### Problem details
Reproduce the data exactly. Omit no record.

Exercise data Start Marker

(* Let $N$ be a complex two-step nilpotent Lie algebra whose center has dimension $p=2$, with $q=\dim N-2$, and suppose the marginal rank of $N$ equals $q$. Let $(X,I)$ be a basis of $N$ and let $A=\mathcal A_{\cdot\cdot 1}$, $B=\mathcal A_{\cdot\cdot 2}$ be the two slices of its representation tensor $\mathcal A=\mathcal A(X,I)$. If \[ \operatorname{rank}(c_{11}A+c_{12}B)+\operatorname{rank}(c_{21}A+c_{22}B)>q \] for every nonsingular matrix $C=(c_{ij})\in\mathbb C^{2\times 2}$, then $N$ is indecomposable.
   Context: A basis $(X,I)$ of $N$ consists of $I=\{\mathbf y_1,\mathbf y_2\}$, a basis of the center of $N$, and $X=\{\mathbf x_1,\dots,\mathbf x_q\}$ such that $X\cup I$ is a basis of $N$. Its representation tensor $\mathcal A(X,I)=(a_{ijk})\in\mathbb C^{q\times q\times 2}$ is defined by $a_{ijk}=\alpha_k$ where $[\mathbf x_i,\mathbf x_j]=\alpha_1\mathbf y_1+\alpha_2\mathbf y_2$; $\mathcal A_{\cdot\cdot k}=(a_{ijk})_{i,j}$. The marginal rank of $N$ is the rank of the $q\times 2q$ matrix $[\mathcal A_{\cdot\cdot 1},\mathcal A_{\cdot\cdot 2}]$ (independent of the basis). A Lie algebra is indecomposable if it is not a direct sum of two nonzero ideals. *)

theory Defs
  imports "HOL-Analysis.Analysis"
begin

definition lie_algebra :: "(complex \<Rightarrow> 'a::ab_group_add \<Rightarrow> 'a) \<Rightarrow> ('a \<Rightarrow> 'a \<Rightarrow> 'a) \<Rightarrow> bool" where
  "lie_algebra sc br \<longleftrightarrow>
     vector_space sc \<and>
     (\<forall>x. Vector_Spaces.linear sc sc (br x)) \<and> (\<forall>y. Vector_Spaces.linear sc sc (\<lambda>x. br x y)) \<and>
     (\<forall>x. br x x = 0) \<and>
     (\<forall>x y z. br x (br y z) + br y (br z x) + br z (br x y) = 0)"

definition fin_dim_space :: "(complex \<Rightarrow> 'a::ab_group_add \<Rightarrow> 'a) \<Rightarrow> bool" where
  "fin_dim_space sc \<longleftrightarrow> (\<exists>S. finite S \<and> module.span sc S = UNIV)"

definition lie_center :: "('a \<Rightarrow> 'a \<Rightarrow> 'a::ab_group_add) \<Rightarrow> 'a set" where
  "lie_center br = {z. \<forall>x. br z x = 0}"

definition two_step_nilpotent :: "('a \<Rightarrow> 'a \<Rightarrow> 'a::ab_group_add) \<Rightarrow> bool" where
  "two_step_nilpotent br \<longleftrightarrow> (\<forall>x y z. br (br x y) z = 0) \<and> (\<exists>x y. br x y \<noteq> 0)"

definition lie_ideal :: "(complex \<Rightarrow> 'a::ab_group_add \<Rightarrow> 'a) \<Rightarrow> ('a \<Rightarrow> 'a \<Rightarrow> 'a) \<Rightarrow> 'a set \<Rightarrow> bool" where
  "lie_ideal sc br J \<longleftrightarrow> module.subspace sc J \<and> (\<forall>x\<in>J. \<forall>y. br y x \<in> J)"

definition lie_indecomposable :: "(complex \<Rightarrow> 'a::ab_group_add \<Rightarrow> 'a) \<Rightarrow> ('a \<Rightarrow> 'a \<Rightarrow> 'a) \<Rightarrow> bool" where
  "lie_indecomposable sc br \<longleftrightarrow>
     \<not> (\<exists>J K. lie_ideal sc br J \<and> lie_ideal sc br K \<and> J \<noteq> {0} \<and> K \<noteq> {0} \<and>
              J \<inter> K = {0} \<and> {j + k | j k. j \<in> J \<and> k \<in> K} = UNIV)"

definition adapted_basis ::
  "(complex \<Rightarrow> 'a::ab_group_add \<Rightarrow> 'a) \<Rightarrow> ('a \<Rightarrow> 'a \<Rightarrow> 'a) \<Rightarrow> ('n \<Rightarrow> 'a) \<Rightarrow> 'a \<Rightarrow> 'a \<Rightarrow> bool" where
  "adapted_basis sc br x y1 y2 \<longleftrightarrow>
     y1 \<noteq> y2 \<and> \<not> module.dependent sc {y1, y2} \<and> module.span sc {y1, y2} = lie_center br \<and>
     inj x \<and> range x \<inter> {y1, y2} = {} \<and>
     \<not> module.dependent sc (range x \<union> {y1, y2}) \<and> module.span sc (range x \<union> {y1, y2}) = UNIV"

definition hcat :: "complex^'n^'m \<Rightarrow> complex^'n^'m \<Rightarrow> complex^('n + 'n)^'m" where
  "hcat A B = (\<chi> i j. case j of Inl k \<Rightarrow> A $ i $ k | Inr k \<Rightarrow> B $ i $ k)"

end

theory Submission
  imports Defs
begin

(* Suppose N is the direct sum of nonzero ideals J and K. As [N,N] is central, each of J and K
   meets the centre Z = span {y1, y2}, and since J and K intersect trivially, the central
   elements of J and of K lie on two distinct lines, spanned by u = a y1 + b y2 and
   w = c y1 + d y2 with ad - bc <> 0.  Split x_m = j_m + k_m and let column m of P hold the
   X-coordinates of j_m.  The bracket [x_i, j_m] lies in J and is central with coordinates
   ((AP)_im, (BP)_im), so the pencil aB - bA annihilates P; likewise dA - cB annihilates I - P.
   The left kernels of P and I - P meet only in 0, hence rank (dA - cB) + rank (aB - bA) <= q,
   contradicting the hypothesis for C = [[d, -c], [-b, a]]. *)

definition matrix_pencil :: "'a::semiring_1 \<Rightarrow> 'a \<Rightarrow> 'a^'n^'m \<Rightarrow> 'a^'n^'m \<Rightarrow> 'a^'n^'m" where
  "matrix_pencil s t A B = (\<chi> i j. s * A $ i $ j + t * B $ i $ j)"

lemma matrix_pencil_component [simp]: "matrix_pencil s t A B $ i $ j = s * A $ i $ j + t * B $ i $ j"
  by (simp add: matrix_pencil_def)

lemma matrix_pencil_mult:
  fixes A B :: "'a::comm_semiring_1^'n^'m"
  shows "matrix_pencil s t A B ** P = matrix_pencil s t (A ** P) (B ** P)"
  by (simp add: vec_eq_iff matrix_matrix_mult_def sum_distrib_left sum.distrib algebra_simps)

Exercise data End Marker

### Written solution
(* Let $N$ be a complex two-step nilpotent Lie algebra whose center has dimension $p=2$, with $q=\dim N-2$, and suppose the marginal rank of $N$ equals $q$. Let $(X,I)$ be a basis of $N$ and let $A=\mathcal A_{\cdot\cdot 1}$, $B=\mathcal A_{\cdot\cdot 2}$ be the two slices of its representation tensor $\mathcal A=\mathcal A(X,I)$. If \[ \operatorname{rank}(c_{11}A+c_{12}B)+\operatorname{rank}(c_{21}A+c_{22}B)>q \] for every nonsingular matrix $C=(c_{ij})\in\mathbb C^{2\times 2}$, then $N$ is indecomposable.
   Context: A basis $(X,I)$ of $N$ consists of $I=\{\mathbf y_1,\mathbf y_2\}$, a basis of the center of $N$, and $X=\{\mathbf x_1,\dots,\mathbf x_q\}$ such that $X\cup I$ is a basis of $N$. Its representation tensor $\mathcal A(X,I)=(a_{ijk})\in\mathbb C^{q\times q\times 2}$ is defined by $a_{ijk}=\alpha_k$ where $[\mathbf x_i,\mathbf x_j]=\alpha_1\mathbf y_1+\alpha_2\mathbf y_2$; $\mathcal A_{\cdot\cdot k}=(a_{ijk})_{i,j}$. The marginal rank of $N$ is the rank of the $q\times 2q$ matrix $[\mathcal A_{\cdot\cdot 1},\mathcal A_{\cdot\cdot 2}]$ (independent of the basis). A Lie algebra is indecomposable if it is not a direct sum of two nonzero ideals. *)

theory Defs
  imports "HOL-Analysis.Analysis"
begin

definition lie_algebra :: "(complex \<Rightarrow> 'a::ab_group_add \<Rightarrow> 'a) \<Rightarrow> ('a \<Rightarrow> 'a \<Rightarrow> 'a) \<Rightarrow> bool" where
  "lie_algebra sc br \<longleftrightarrow>
     vector_space sc \<and>
     (\<forall>x. Vector_Spaces.linear sc sc (br x)) \<and> (\<forall>y. Vector_Spaces.linear sc sc (\<lambda>x. br x y)) \<and>
     (\<forall>x. br x x = 0) \<and>
     (\<forall>x y z. br x (br y z) + br y (br z x) + br z (br x y) = 0)"

definition fin_dim_space :: "(complex \<Rightarrow> 'a::ab_group_add \<Rightarrow> 'a) \<Rightarrow> bool" where
  "fin_dim_space sc \<longleftrightarrow> (\<exists>S. finite S \<and> module.span sc S = UNIV)"

definition lie_center :: "('a \<Rightarrow> 'a \<Rightarrow> 'a::ab_group_add) \<Rightarrow> 'a set" where
  "lie_center br = {z. \<forall>x. br z x = 0}"

definition two_step_nilpotent :: "('a \<Rightarrow> 'a \<Rightarrow> 'a::ab_group_add) \<Rightarrow> bool" where
  "two_step_nilpotent br \<longleftrightarrow> (\<forall>x y z. br (br x y) z = 0) \<and> (\<exists>x y. br x y \<noteq> 0)"

definition lie_ideal :: "(complex \<Rightarrow> 'a::ab_group_add \<Rightarrow> 'a) \<Rightarrow> ('a \<Rightarrow> 'a \<Rightarrow> 'a) \<Rightarrow> 'a set \<Rightarrow> bool" where
  "lie_ideal sc br J \<longleftrightarrow> module.subspace sc J \<and> (\<forall>x\<in>J. \<forall>y. br y x \<in> J)"

definition lie_indecomposable :: "(complex \<Rightarrow> 'a::ab_group_add \<Rightarrow> 'a) \<Rightarrow> ('a \<Rightarrow> 'a \<Rightarrow> 'a) \<Rightarrow> bool" where
  "lie_indecomposable sc br \<longleftrightarrow>
     \<not> (\<exists>J K. lie_ideal sc br J \<and> lie_ideal sc br K \<and> J \<noteq> {0} \<and> K \<noteq> {0} \<and>
              J \<inter> K = {0} \<and> {j + k | j k. j \<in> J \<and> k \<in> K} = UNIV)"

definition adapted_basis ::
  "(complex \<Rightarrow> 'a::ab_group_add \<Rightarrow> 'a) \<Rightarrow> ('a \<Rightarrow> 'a \<Rightarrow> 'a) \<Rightarrow> ('n \<Rightarrow> 'a) \<Rightarrow> 'a \<Rightarrow> 'a \<Rightarrow> bool" where
  "adapted_basis sc br x y1 y2 \<longleftrightarrow>
     y1 \<noteq> y2 \<and> \<not> module.dependent sc {y1, y2} \<and> module.span sc {y1, y2} = lie_center br \<and>
     inj x \<and> range x \<inter> {y1, y2} = {} \<and>
     \<not> module.dependent sc (range x \<union> {y1, y2}) \<and> module.span sc (range x \<union> {y1, y2}) = UNIV"

definition hcat :: "complex^'n^'m \<Rightarrow> complex^'n^'m \<Rightarrow> complex^('n + 'n)^'m" where
  "hcat A B = (\<chi> i j. case j of Inl k \<Rightarrow> A $ i $ k | Inr k \<Rightarrow> B $ i $ k)"

end

theory Submission
  imports Defs
begin

(* Suppose N is the direct sum of nonzero ideals J and K. As [N,N] is central, each of J and K
   meets the centre Z = span {y1, y2}, and since J and K intersect trivially, the central
   elements of J and of K lie on two distinct lines, spanned by u = a y1 + b y2 and
   w = c y1 + d y2 with ad - bc <> 0.  Split x_m = j_m + k_m and let column m of P hold the
   X-coordinates of j_m.  The bracket [x_i, j_m] lies in J and is central with coordinates
   ((AP)_im, (BP)_im), so the pencil aB - bA annihilates P; likewise dA - cB annihilates I - P.
   The left kernels of P and I - P meet only in 0, hence rank (dA - cB) + rank (aB - bA) <= q,
   contradicting the hypothesis for C = [[d, -c], [-b, a]]. *)

definition matrix_pencil :: "'a::semiring_1 \<Rightarrow> 'a \<Rightarrow> 'a^'n^'m \<Rightarrow> 'a^'n^'m \<Rightarrow> 'a^'n^'m" where
  "matrix_pencil s t A B = (\<chi> i j. s * A $ i $ j + t * B $ i $ j)"

lemma matrix_pencil_component [simp]: "matrix_pencil s t A B $ i $ j = s * A $ i $ j + t * B $ i $ j"
  by (simp add: matrix_pencil_def)

lemma matrix_pencil_mult:
  fixes A B :: "'a::comm_semiring_1^'n^'m"
  shows "matrix_pencil s t A B ** P = matrix_pencil s t (A ** P) (B ** P)"
  by (simp add: vec_eq_iff matrix_matrix_mult_def sum_distrib_left sum.distrib algebra_simps)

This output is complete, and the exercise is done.